Do some research. It is entirely possible you are driving a car with an active recall on it. Why are you still driving it? You could potentially kill a lot of people with your car. How are your brakes and tires while we are at it?
There is no law that says someone who owns a recalled product NEEDS to send it back. Further - not everyone is aware of recalls when they happen. It is no small secret that manufacturers often like to "hide" recalls to A) save them money and B) To maintain brand confidence and reputation.
This issue - as tragic as it is has little to do with the firearm's mechanism and everything to do with improper handling/maintenance. The gun owner has clearly broken several cardinal rules of gun safety/ownership - any of which would have prevented this situation, recall or not.
The Remington trigger issue - though fairly widely known primarily affects pre-1982 700 rifles with the non x-mark trigger. It is also precipitated by rust (ie: lack of maintenence/cleaning), modifications or worn/broken parts.
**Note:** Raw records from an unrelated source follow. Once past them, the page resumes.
lemma isometric_immersion_sphere_embedding:
  "isometric_immersion_sphere CARD('n) (sphere_embedding :: nat \<Rightarrow> real^'n::finite \<Rightarrow> real)"
  unfolding isometric_immersion_sphere_def
proof (intro conjI allI impI ballI)
  fix j :: nat
  assume "j < CARD('n)"
  have "inv_norm_poly (\<lambda>x :: real^'n. (x \<bullet> axis (coord_enum j) 1) * inverse (norm x))"
    by (intro inv_norm_poly.mult inv_norm_poly.inner inv_norm_poly.inverse_norm)
  then show "smooth_on (- {0}) (sphere_embedding j :: real^'n \<Rightarrow> real)"
    using \<open>j < CARD('n)\<close> by (simp add: sphere_embedding_eq divide_inverse smooth_on_inv_norm_poly)
next
  fix j and x :: "real^'n" and t :: real
  assume "t > 0"
  then show "sphere_embedding j (t *\<^sub>R x) = sphere_embedding j x"
    by (simp add: sphere_embedding_def sgn_scaleR)
next
  fix y v :: "real^'n"
  assume "y \<in> sphere 0 1" and "v \<bullet> y = 0"
  then show "qinner CARD('n) (dF CARD('n) sphere_embedding y v) (dF CARD('n) sphere_embedding y v) = v \<bullet> v"
    by (simp add: dF_sphere_embedding qinner_coords)
qed
(* Let $X$ be a real-valued random variable, let $Z\sim\mathcal{N}(0,1)$ be independent of $X$, and set $Y=X+Z$. Let $p\ge 1$. Then $$\min_{a\in\mathbb{R}}\mathbb{E}\big[|X-aY|^p\big]=\min_{a\in[0,1)}\mathbb{E}\big[|X-aY|^p\big].$$ *)

theory Defs
  imports "HOL-Probability.Probability"
begin

end

theory Submission
  imports Defs
begin

text \<open>
  Write \<open>Y = X + Z\<close> and \<open>F a = E|X - a Y|^p\<close>, a convex function of \<open>a\<close>. Let \<open>\<phi>\<close> be a
  subgradient of \<open>|t|^p\<close>; it is odd, so \<open>E \<phi>(c Z) = 0\<close> by the symmetry of \<open>Z\<close>, and by
  independence every term \<open>E[g(X) \<phi>(Z)]\<close> or \<open>E[g(X) Z]\<close> vanishes.
  For \<open>a < 0\<close>, the tangent inequality at \<open>(1 - a) X\<close> gives
  \<open>F a \<ge> (1 - a)^p E|X|^p + E[\<phi>((1 - a) X) (-a Z)] = (1 - a)^p E|X|^p \<ge> F 0\<close>.
  At \<open>a = 1\<close> we have \<open>X - Y = -Z\<close>, and by dominated convergence the left derivative of
  \<open>F\<close> at \<open>1\<close> is \<open>E[\<phi>(Z) Y] = E[\<phi>(Z) Z] = p E|Z|^p > 0\<close>, so \<open>F\<close> drops below \<open>F 1\<close>
  just to the left of \<open>1\<close>. Convexity then places a global minimiser in \<open>[0, 1)\<close>.
\<close>

section \<open>A subgradient of \<open>|t|^p\<close>\<close>

text \<open>The derivative of \<open>|t|^p\<close> for \<open>t \<noteq> 0\<close>; the value \<open>0\<close> at \<open>t = 0\<close> is a subgradient
  even for \<open>p = 1\<close>, where no derivative exists.\<close>

definition abs_powr_deriv :: "real \<Rightarrow> real \<Rightarrow> real" where
  "abs_powr_deriv p t = p * sgn t * \<bar>t\<bar> powr (p - 1)"

lemma abs_powr_deriv_measurable [measurable]: "abs_powr_deriv p \<in> borel_measurable borel"
  unfolding abs_powr_deriv_def by measurable

lemma abs_powr_deriv_minus: "abs_powr_deriv p (- t) = - abs_powr_deriv p t"
  by (simp add: abs_powr_deriv_def)

lemma abs_powr_deriv_mult_self: "abs_powr_deriv p t * t = p * \<bar>t\<bar> powr p"
  unfolding abs_powr_deriv_def by (cases "t = 0") (auto simp: powr_diff sgn_if)

lemma isCont_abs_powr_deriv: "t \<noteq> 0 \<Longrightarrow> isCont (abs_powr_deriv p) t"
  unfolding abs_powr_deriv_def by (auto intro!: continuous_intros isCont_sgn)

lemma powr_above_tangent_pos:
  fixes p x y :: real
  assumes p: "p \<ge> 1" and x: "x > 0"
  shows "x powr p + p * x powr (p - 1) * (y - x) \<le> \<bar>y\<bar> powr p"
proof (cases "y \<le> 0")
  case True
  have "x powr p = x powr (p - 1) * x"
    using x by (simp add: powr_diff)
  then have "x powr p + p * x powr (p - 1) * (y - x) = x powr (p - 1) * (x * (1 - p) + p * y)"
    by (simp add: algebra_simps)
  also have "\<dots> \<le> 0"
    using x p True by (intro mult_nonneg_nonpos add_nonpos_nonpos mult_nonneg_nonpos) auto
  finally show ?thesis using powr_ge_zero[of "\<bar>y\<bar>" p] by linarith
next
  case False
  have "p * x powr (p - 1) * (y - x) \<le> y powr p - x powr p"
  proof (rule convex_on_imp_above_tangent[where A = "{0<..}"])
    show "convex_on {0<..} (\<lambda>t. t powr p)" using p by (rule powr_convex)
    show "((\<lambda>t. t powr p) has_field_derivative p * x powr (p - 1)) (at x within {0<..})"
      using x by (auto intro!: derivative_eq_intros)
  qed (use x False in \<open>auto simp: interior_open\<close>)
  then show ?thesis using False by simp
qed

lemma abs_powr_above_tangent:
  fixes p x y :: real
  assumes p: "p \<ge> 1"
  shows "\<bar>x\<bar> powr p + abs_powr_deriv p x * (y - x) \<le> \<bar>y\<bar> powr p"
proof (cases x "0::real" rule: linorder_cases)
  case less
  then have "(- x) powr p + p * (- x) powr (p - 1) * (- y - - x) \<le> \<bar>- y\<bar> powr p"
    using p by (intro powr_above_tangent_pos) auto
  then show ?thesis using less by (simp add: abs_powr_deriv_def algebra_simps)
next
  case greater
  then show ?thesis using powr_above_tangent_pos[OF p greater, of y]
    by (simp add: abs_powr_deriv_def)
qed (simp add: abs_powr_deriv_def)

lemma convex_on_abs_powr:
  fixes p :: real
  assumes p: "p \<ge> 1"
  shows "convex_on UNIV (\<lambda>t. \<bar>t\<bar> powr p)"
proof (rule convex_onI)
  fix t x y :: real
  assume t: "0 < t" "t < 1"
  define z where "z = (1 - t) * x + t * y"
  define d where "d = abs_powr_deriv p z"
  have "(1 - t) * (\<bar>z\<bar> powr p + d * (x - z)) \<le> (1 - t) * \<bar>x\<bar> powr p"
    and "t * (\<bar>z\<bar> powr p + d * (y - z)) \<le> t * \<bar>y\<bar> powr p"
    using t by (auto intro!: mult_left_mono abs_powr_above_tangent p simp: d_def)
  moreover have "(1 - t) * (d * (x - z)) + t * (d * (y - z)) = 0"
    by (simp add: z_def algebra_simps)
  moreover have "(1 - t) * \<bar>z\<bar> powr p + t * \<bar>z\<bar> powr p = \<bar>z\<bar> powr p"
    by (simp add: algebra_simps)
  ultimately have "\<bar>z\<bar> powr p \<le> (1 - t) * \<bar>x\<bar> powr p + t * \<bar>y\<bar> powr p"
    unfolding distrib_left by linarith
  then show "\<bar>(1 - t) *\<^sub>R x + t *\<^sub>R y\<bar> powr p \<le> (1 - t) * \<bar>x\<bar> powr p + t * \<bar>y\<bar> powr p"
    by (simp add: z_def)
qed simp

lemma abs_add_powr_le:
  fixes p u v :: real
  assumes "p \<ge> 0"
  shows "\<bar>u + v\<bar> powr p \<le> 2 powr p * (\<bar>u\<bar> powr p + \<bar>v\<bar> powr p)"
proof -
  have "\<bar>u + v\<bar> powr p \<le> (2 * max \<bar>u\<bar> \<bar>v\<bar>) powr p"
    using assms by (intro powr_mono2) auto
  also have "\<dots> = 2 powr p * max \<bar>u\<bar> \<bar>v\<bar> powr p"
    by (simp add: powr_mult)
  also have "max \<bar>u\<bar> \<bar>v\<bar> powr p \<le> \<bar>u\<bar> powr p + \<bar>v\<bar> powr p"
    by (cases "\<bar>u\<bar> \<le> \<bar>v\<bar>") (auto simp: max_def)
  finally show ?thesis by (simp add: mult_left_mono)
qed

lemma abs_powr_le_one_plus:
  fixes p q t :: real
  assumes "0 \<le> q" "q \<le> p"
  shows "\<bar>t\<bar> powr q \<le> 1 + \<bar>t\<bar> powr p"
proof (cases "\<bar>t\<bar> \<le> 1")
  case True
  then have "\<bar>t\<bar> powr q \<le> 1" using assms by (simp add: powr_le1)
  then show ?thesis using powr_ge_zero[of "\<bar>t\<bar>" p] by linarith
next
  case False
  then have "\<bar>t\<bar> powr q \<le> \<bar>t\<bar> powr p" using assms by (intro powr_mono) auto
  then show ?thesis by simp
qed

lemma abs_powr_deriv_mult_le:
  fixes p t y :: real
  assumes p: "p \<ge> 1"
  shows "\<bar>abs_powr_deriv p t * y\<bar> \<le> p * (\<bar>t\<bar> powr p + \<bar>y\<bar> powr p)"
proof -
  have "\<bar>t\<bar> powr (p - 1) * \<bar>y\<bar> \<le> max \<bar>t\<bar> \<bar>y\<bar> powr (p - 1) * max \<bar>t\<bar> \<bar>y\<bar>"
    using p by (intro mult_mono powr_mono2) auto
  also have "\<dots> = max \<bar>t\<bar> \<bar>y\<bar> powr p"
    by (cases "max \<bar>t\<bar> \<bar>y\<bar> = 0") (auto simp: powr_diff)
  also have "\<dots> \<le> \<bar>t\<bar> powr p + \<bar>y\<bar> powr p"
    by (cases "\<bar>t\<bar> \<le> \<bar>y\<bar>") (auto simp: max_def)
  finally show ?thesis
    using p unfolding abs_powr_deriv_def abs_mult
    by (cases "t = 0") (auto intro!: mult_left_mono simp: mult.assoc)
qed

text \<open>Both bounds are tangent inequalities, at \<open>w - b y\<close> and at \<open>w\<close>.\<close>

lemma abs_powr_difference_quotient_bounds:
  fixes p b w y :: real
  assumes p: "p \<ge> 1" and b: "b > 0"
  shows "abs_powr_deriv p (w - b * y) * y \<le> (\<bar>w\<bar> powr p - \<bar>w - b * y\<bar> powr p) / b"
    and "(\<bar>w\<bar> powr p - \<bar>w - b * y\<bar> powr p) / b \<le> abs_powr_deriv p w * y"
proof -
  have "\<bar>w - b * y\<bar> powr p + abs_powr_deriv p (w - b * y) * (w - (w - b * y)) \<le> \<bar>w\<bar> powr p"
    by (rule abs_powr_above_tangent[OF p])
  then show "abs_powr_deriv p (w - b * y) * y \<le> (\<bar>w\<bar> powr p - \<bar>w - b * y\<bar> powr p) / b"
    using b by (simp add: le_divide_eq algebra_simps)
  have "\<bar>w\<bar> powr p + abs_powr_deriv p w * ((w - b * y) - w) \<le> \<bar>w - b * y\<bar> powr p"
    by (rule abs_powr_above_tangent[OF p])
  then show "(\<bar>w\<bar> powr p - \<bar>w - b * y\<bar> powr p) / b \<le> abs_powr_deriv p w * y"
    using b by (simp add: divide_le_eq algebra_simps)
qed

lemma abs_powr_difference_quotient_abs_le:
  fixes p b w y :: real
  assumes p: "p \<ge> 1" and b: "0 < b" "b \<le> 1"
  shows "\<bar>(\<bar>w\<bar> powr p - \<bar>w - b * y\<bar> powr p) / b\<bar>
    \<le> p * (2 powr p + 1) * (\<bar>w\<bar> powr p + \<bar>y\<bar> powr p)"
proof -
  have "\<bar>w + - (b * y)\<bar> powr p \<le> 2 powr p * (\<bar>w\<bar> powr p + \<bar>- (b * y)\<bar> powr p)"
    using p by (intro abs_add_powr_le) simp
  also have "\<dots> \<le> 2 powr p * (\<bar>w\<bar> powr p + \<bar>y\<bar> powr p)"
    using b p by (intro mult_left_mono add_left_mono powr_mono2)
      (auto simp: abs_mult mult_left_le_one_le)
  finally have "\<bar>w - b * y\<bar> powr p + \<bar>y\<bar> powr p
      \<le> (2 powr p + 1) * (\<bar>w\<bar> powr p + \<bar>y\<bar> powr p)"
    by (simp add: distrib_right add_increasing2)
  then have "p * (\<bar>w - b * y\<bar> powr p + \<bar>y\<bar> powr p)
      \<le> p * (2 powr p + 1) * (\<bar>w\<bar> powr p + \<bar>y\<bar> powr p)"
    using p unfolding mult.assoc by (intro mult_left_mono) auto
  moreover have "p * (\<bar>w\<bar> powr p + \<bar>y\<bar> powr p) \<le> p * (2 powr p + 1) * (\<bar>w\<bar> powr p + \<bar>y\<bar> powr p)"
    using p by (intro mult_right_mono) auto
  ultimately show ?thesis
    using abs_powr_difference_quotient_bounds[OF p b(1), where w = w and y = y]
      abs_powr_deriv_mult_le[OF p, of w y] abs_powr_deriv_mult_le[OF p, of "w - b * y" y]
    by linarith
qed

lemma integral_abs_powr_difference_quotient_tendsto:
  fixes W Y :: "'a \<Rightarrow> real"
  assumes p: "p \<ge> 1"
    and [measurable]: "W \<in> borel_measurable M" "Y \<in> borel_measurable M"
    and int: "integrable M (\<lambda>\<omega>. \<bar>W \<omega>\<bar> powr p)" "integrable M (\<lambda>\<omega>. \<bar>Y \<omega>\<bar> powr p)"
    and nz: "AE \<omega> in M. W \<omega> \<noteq> 0"
    and b: "b \<longlonglongrightarrow> 0" "\<And>n. 0 < b n" "\<And>n. b n \<le> 1"
  shows "(\<lambda>n. \<integral>\<omega>. (\<bar>W \<omega>\<bar> powr p - \<bar>W \<omega> - b n * Y \<omega>\<bar> powr p) / b n \<partial>M)
    \<longlonglongrightarrow> (\<integral>\<omega>. abs_powr_deriv p (W \<omega>) * Y \<omega> \<partial>M)"
proof (rule integral_dominated_convergence
    [where s = "\<lambda>n \<omega>. (\<bar>W \<omega>\<bar> powr p - \<bar>W \<omega> - b n * Y \<omega>\<bar> powr p) / b n"
      and w = "\<lambda>\<omega>. p * (2 powr p + 1) * (\<bar>W \<omega>\<bar> powr p + \<bar>Y \<omega>\<bar> powr p)"])
  show "integrable M (\<lambda>\<omega>. p * (2 powr p + 1) * (\<bar>W \<omega>\<bar> powr p + \<bar>Y \<omega>\<bar> powr p))"
    using int by auto
  show "AE \<omega> in M. norm ((\<bar>W \<omega>\<bar> powr p - \<bar>W \<omega> - b n * Y \<omega>\<bar> powr p) / b n)
      \<le> p * (2 powr p + 1) * (\<bar>W \<omega>\<bar> powr p + \<bar>Y \<omega>\<bar> powr p)" for n
    using abs_powr_difference_quotient_abs_le[OF p b(2,3)] by simp
  show "AE \<omega> in M. (\<lambda>n. (\<bar>W \<omega>\<bar> powr p - \<bar>W \<omega> - b n * Y \<omega>\<bar> powr p) / b n)
      \<longlonglongrightarrow> abs_powr_deriv p (W \<omega>) * Y \<omega>"
    using nz
  proof eventually_elim
    fix \<omega> assume "W \<omega> \<noteq> 0"
    moreover have "(\<lambda>n. W \<omega> - b n * Y \<omega>) \<longlonglongrightarrow> W \<omega>"
      using tendsto_diff[OF tendsto_const tendsto_mult_right[OF b(1)]] by simp
    ultimately have lim: "(\<lambda>n. abs_powr_deriv p (W \<omega> - b n * Y \<omega>) * Y \<omega>)
        \<longlonglongrightarrow> abs_powr_deriv p (W \<omega>) * Y \<omega>"
      by (intro tendsto_mult_right isCont_tendsto_compose[OF isCont_abs_powr_deriv])
    show "(\<lambda>n. (\<bar>W \<omega>\<bar> powr p - \<bar>W \<omega> - b n * Y \<omega>\<bar> powr p) / b n)
        \<longlonglongrightarrow> abs_powr_deriv p (W \<omega>) * Y \<omega>"
      by (rule tendsto_sandwich[OF _ _ lim tendsto_const])
        (use abs_powr_difference_quotient_bounds[OF p b(2)] in auto)
  qed
qed measurable
theorem lemma2p1:
  fixes y z :: "'a word"
  assumes "y \<in> free_group" and "z \<in> free_group"
    and "reduced (inv_word y @ z @ y)" and "inv_word y @ z @ y \<noteq> []"
    and "cyclically_reduced z" and "\<not> proper_power z"
  shows "(y = [] \<longrightarrow>
            (\<forall>(i::int) g h. g \<in> free_group \<and> h \<in> free_group \<and>
               fpow z i = fmult (fmult g z) h \<and> reduced (g @ z @ h)
               \<longrightarrow> i \<ge> 1 \<and> g \<in> cyclic_subgroup z \<and> h \<in> cyclic_subgroup z))
       \<and> (y \<noteq> [] \<longrightarrow>
            (\<forall>(i::int) (j::int) g h. g \<in> free_group \<and> h \<in> free_group \<and>
               fmult (fmult (inv_word y) (fpow z i)) y =
                 fmult (fmult (fmult (fmult g (inv_word y)) (fpow z j)) y) h \<and>
               reduced (g @ inv_word y @ fpow z j @ y @ h)
               \<longrightarrow> g = [] \<and> h = [] \<and> i = j))"
proof -
  have pz: "primitive z"
    using assms(2,6) by (simp add: free_group_def not_proper_power_imp_primitive)
  show ?thesis
  proof (rule conjI; intro impI allI; elim conjE)
    fix i :: int and g h
    assume "fpow z i = fmult (fmult g z) h" and "reduced (g @ z @ h)"
    then show "i \<ge> 1 \<and> g \<in> cyclic_subgroup z \<and> h \<in> cyclic_subgroup z"
      using fpow_eq_append_imp_cyclic_subgroup[OF assms(5) pz] by (simp add: fmult_fmult_reduced)
  next
    fix i j :: int and g h
    assume "y \<noteq> []"
      and "fmult (fmult (inv_word y) (fpow z i)) y =
             fmult (fmult (fmult (fmult g (inv_word y)) (fpow z j)) y) h"
      and "reduced (g @ inv_word y @ fpow z j @ y @ h)"
    then show "g = [] \<and> h = [] \<and> i = j"
      using conjugate_fpow_factorization[OF _ assms(3,5) pz] by blast
  qed
qed

end
lemma higher_on_path_outside_outside:
  assumes a: "a \<in> V" "a \<notin> N" and b: "b \<in> V" "b \<notin> N"
    and ab: "a \<noteq> b" "iinter (f' a) (f' b)"
  shows "higher_on_path V E f' a b"
proof -
  have fa: "f' a = f a" and fb: "f' b = f b" using out a b by auto
  obtain xs y where xs: "path_between V E a b xs" and y: "y \<in> set xs"
    and above: "igt (f y) (f a)" "igt (f y) (f b)"
    using ext_strategy_higher_on_path[OF f a(1) b(1)] ab unfolding higher_on_path_def fa fb by blast
  have yV: "y \<in> V" using xs y path_between_subset by fast
  show ?thesis
  proof (cases "y \<in> N \<and> \<not> screener y")
    case False
    then have "f' y = f y" using out scr yV by blast
    then show ?thesis using higher_on_pathI[OF xs y] above fa fb by simp
  next
    case True
    txt \<open>The path from a to v runs through a screener; as y is lowered, that screener lies
      between a and y, and it is higher than y, hence higher than a and b.\<close>
    obtain ay where ay: "path_between V E a y ay" using is_tree_path_exists[OF tree a(1) yV] ..
    obtain yv where yv: "path_between V E y v yv" using is_tree_path_exists[OF tree yV v] ..
    obtain av where av: "path_between V E a v av" using is_tree_path_exists[OF tree a(1) v] ..
    obtain s where s: "s \<in> set av" "screener s" using outside_path_meets_screener[OF a av] ..
    have "s \<notin> set yv" using lowered_path_avoids_screeners[OF _ _ yv] True s(2) by blast
    then have "s \<in> set xs"
      using is_tree_path_append_subset[OF tree ay yv av] is_tree_path_prefix_subset[OF tree xs y ay] s(1)
      by blast
    have "fst (f y) < snd (f v)" using lowered_below_v True by blast
    moreover have "snd (f v) \<le> fst (f s)" "f' s = f s"
      using screener_above_v[OF s(2)] scr[OF screener_in_nbhd] s(2) by auto
    ultimately have "igt (f' s) (f' a)" "igt (f' s) (f' b)"
      using above f_interval[OF yV] unfolding igt_def fa fb by auto
    then show ?thesis using higher_on_pathI[OF xs \<open>s \<in> set xs\<close>] by simp
  qed
qed

lemma higher_on_path_screener_outside:
  assumes a: "screener a" and b: "b \<in> V" "b \<notin> N" and ab: "iinter (f' a) (f' b)"
  shows "higher_on_path V E f' a b"
proof -
  have aV: "a \<in> V" using screens_in_vertices[OF a] .
  have fa: "f' a = f a" and fb: "f' b = f b" using scr[OF screener_in_nbhd[OF a] a] out b by auto
  have "a \<noteq> b" using screener_in_nbhd[OF a] b(2) by blast
  then obtain xs y where xs: "path_between V E a b xs" and y: "y \<in> set xs"
    and above: "igt (f y) (f a)" "igt (f y) (f b)"
    using ext_strategy_higher_on_path[OF f aV b(1)] ab unfolding higher_on_path_def fa fb by blast
  have "y \<in> V" using xs y path_between_subset by fast
  moreover have "snd (f v) \<le> fst (f y)"
    using screener_above_v[OF a] f_interval[OF aV] above(1) unfolding igt_def by linarith
  ultimately have "f' y = f y" by (rule f'_eq_f_above_v)
  then show ?thesis using higher_on_pathI[OF xs y] above fa fb by simp
qed

lemma higher_on_path_lowered_outside:
  assumes a: "a \<in> N" "\<not> screener a" and b: "b \<in> V" "b \<notin> N" and ab: "iinter (f' a) (f' b)"
  shows "higher_on_path V E f' a b"
proof -
  have aV: "a \<in> V" using a(1) nbhd_subset by blast
  have fb: "f' b = f b" using out b by blast
  have a_low: "snd (f' a) \<le> fst (f smin)" using f'_lowered[OF a] .
  have b_low: "fst (f b) < snd (f' a)" using ab fb unfolding iinter_iff by simp
  txt \<open>The path from b to v meets a screener s, which cannot lie between a and v,
    so s lies between a and b.\<close>
  obtain ab_path where ab_path: "path_between V E a b ab_path"
    using is_tree_path_exists[OF tree aV b(1)] ..
  obtain av where av: "path_between V E a v av" using is_tree_path_exists[OF tree aV v] ..
  obtain bv where bv: "path_between V E b v bv" using is_tree_path_exists[OF tree b(1) v] ..
  obtain s where s: "s \<in> set bv" "screener s" using outside_path_meets_screener[OF b bv] ..
  have "s \<notin> set av" using lowered_path_avoids_screeners[OF a av] s(2) by blast
  then have s_ab: "s \<in> set ab_path"
    using is_tree_path_append_subset[OF tree path_between_rev[OF ab_path is_tree_sym[OF tree]] av bv] s(1)
    by auto
  have sV: "s \<in> V" and fs: "f' s = f s"
    using screens_in_vertices scr[OF screener_in_nbhd] s(2) by auto
  have s_high: "fst (f smin) \<le> fst (f s)" "snd (f v) \<le> fst (f s)"
    using screener_start_ge_smin screener_above_v s(2) by auto
  have s_int: "fst (f s) < snd (f s)" using f_interval[OF sV] .
  show ?thesis
  proof (cases "iinter (f s) (f b)")
    case True
    have "s \<noteq> b" using screener_in_nbhd[OF s(2)] b(2) by blast
    then obtain sb y where sb: "path_between V E s b sb" and y: "y \<in> set sb"
      and above: "igt (f y) (f s)" "igt (f y) (f b)"
      using ext_strategy_higher_on_path[OF f sV b(1) _ True] unfolding higher_on_path_def by blast
    have y_ab: "y \<in> set ab_path" using is_tree_path_suffix_subset[OF tree ab_path s_ab sb] y by blast
    have "y \<in> V" using ab_path y_ab path_between_subset by fast
    moreover have "snd (f v) \<le> fst (f y)" using s_high s_int above(1) unfolding igt_def by linarith
    ultimately have fy: "f' y = f y" by (rule f'_eq_f_above_v)
    have "igt (f' y) (f' a)" using above(1) s_int s_high a_low unfolding igt_def fy by linarith
    moreover have "igt (f' y) (f' b)" using above(2) fy fb by simp
    ultimately show ?thesis using higher_on_pathI[OF ab_path y_ab] by simp
  next
    case False
    have "fst (f b) < snd (f s)" using b_low a_low s_high s_int by linarith
    then have "igt (f s) (f b)"
      using False f_interval[OF b(1)] s_int unfolding iinter_iff igt_def by auto
    moreover have "igt (f' s) (f' a)" using a_low s_high unfolding igt_def fs by linarith
    ultimately show ?thesis using higher_on_pathI[OF ab_path s_ab] fs fb by simp
  qed
qed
A properly cared-for 700 in good working order - even with the questionable trigger will not AD.
The questions I would be asking are:
- Why did he not unload the firearm before putting it in the case?
- Does he check his fire control group regularly and keep it clean/oiled?
- Does he clean his rifle regularly?
I am willing to bet the answers as to why this tragedy happened will be found within those 3 questions.